text \<open>Psi_j; r is indexed from 1, the k=1 term uses r0.\<close>
definition Psi :: "real^'n \<Rightarrow> real \<Rightarrow> (real \<Rightarrow> real^'n) \<Rightarrow> nat \<Rightarrow> (nat \<Rightarrow> real) \<Rightarrow> (nat \<Rightarrow> real) \<Rightarrow> real^'n" where
  "Psi x0 r0 P j r t =
     x0 + (\<Sum>k=1..j. ((-1) ^ k * (if k div 2 = 0 then r0 else r (k div 2))) *\<^sub>R P (t k))"

text \<open>Points of Omega_j are pairs (r,t) of extensional functions,
  r on {1..floor(j/2)}, t on {1..j}.\<close>
definition tower_space :: "nat \<Rightarrow> ((nat \<Rightarrow> real) \<times> (nat \<Rightarrow> real)) measure" where
  "tower_space j = PiM {1..j div 2} (\<lambda>_. lborel) \<Otimes>\<^sub>M PiM {1..j} (\<lambda>_. lborel)"

definition type1_tower :: "real \<Rightarrow> nat \<Rightarrow> (nat \<Rightarrow> ((nat \<Rightarrow> real) \<times> (nat \<Rightarrow> real)) set) \<Rightarrow> bool" where
  "type1_tower a D \<Omega> \<longleftrightarrow>
     (\<forall>j\<in>{1..D}. \<Omega> j \<in> sets (tower_space j) \<and>
        \<Omega> j \<subseteq> (PiE {1..j div 2} (\<lambda>_. {1..2})) \<times> (PiE {1..j} (\<lambda>_. {a<..<a+1})) \<and>
        emeasure (tower_space j) (\<Omega> j) > 0) \<and>
     (\<forall>j\<in>{2..D}. \<forall>(r,t)\<in>\<Omega> j. (restrict r {1..(j-1) div 2}, restrict t {1..j-1}) \<in> \<Omega> (j-1))"

text \<open>Fibres over (r_{j-1}, t_{j-1}); for j = 1 the base point is the empty tuple.\<close>
definition fibre_odd :: "real \<Rightarrow> (nat \<Rightarrow> ((nat \<Rightarrow> real) \<times> (nat \<Rightarrow> real)) set) \<Rightarrow> nat
    \<Rightarrow> (nat \<Rightarrow> real) \<Rightarrow> (nat \<Rightarrow> real) \<Rightarrow> real set" where
  "fibre_odd a \<Omega> j r t = {s \<in> {a<..<a+1}. (r, t(j := s)) \<in> \<Omega> j}"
────
■ What is required
Restate word for word every line from the one containing "set) \<Rightarrow> nat" through the final line of the listing. Both end lines belong in the answer.

■ Solution to the exercise
definition fibre_odd :: "real \<Rightarrow> (nat \<Rightarrow> ((nat \<Rightarrow> real) \<times> (nat \<Rightarrow> real)) set) \<Rightarrow> nat
    \<Rightarrow> (nat \<Rightarrow> real) \<Rightarrow> (nat \<Rightarrow> real) \<Rightarrow> real set" where
  "fibre_odd a \<Omega> j r t = {s \<in> {a<..<a+1}. (r, t(j := s)) \<in> \<Omega> j}"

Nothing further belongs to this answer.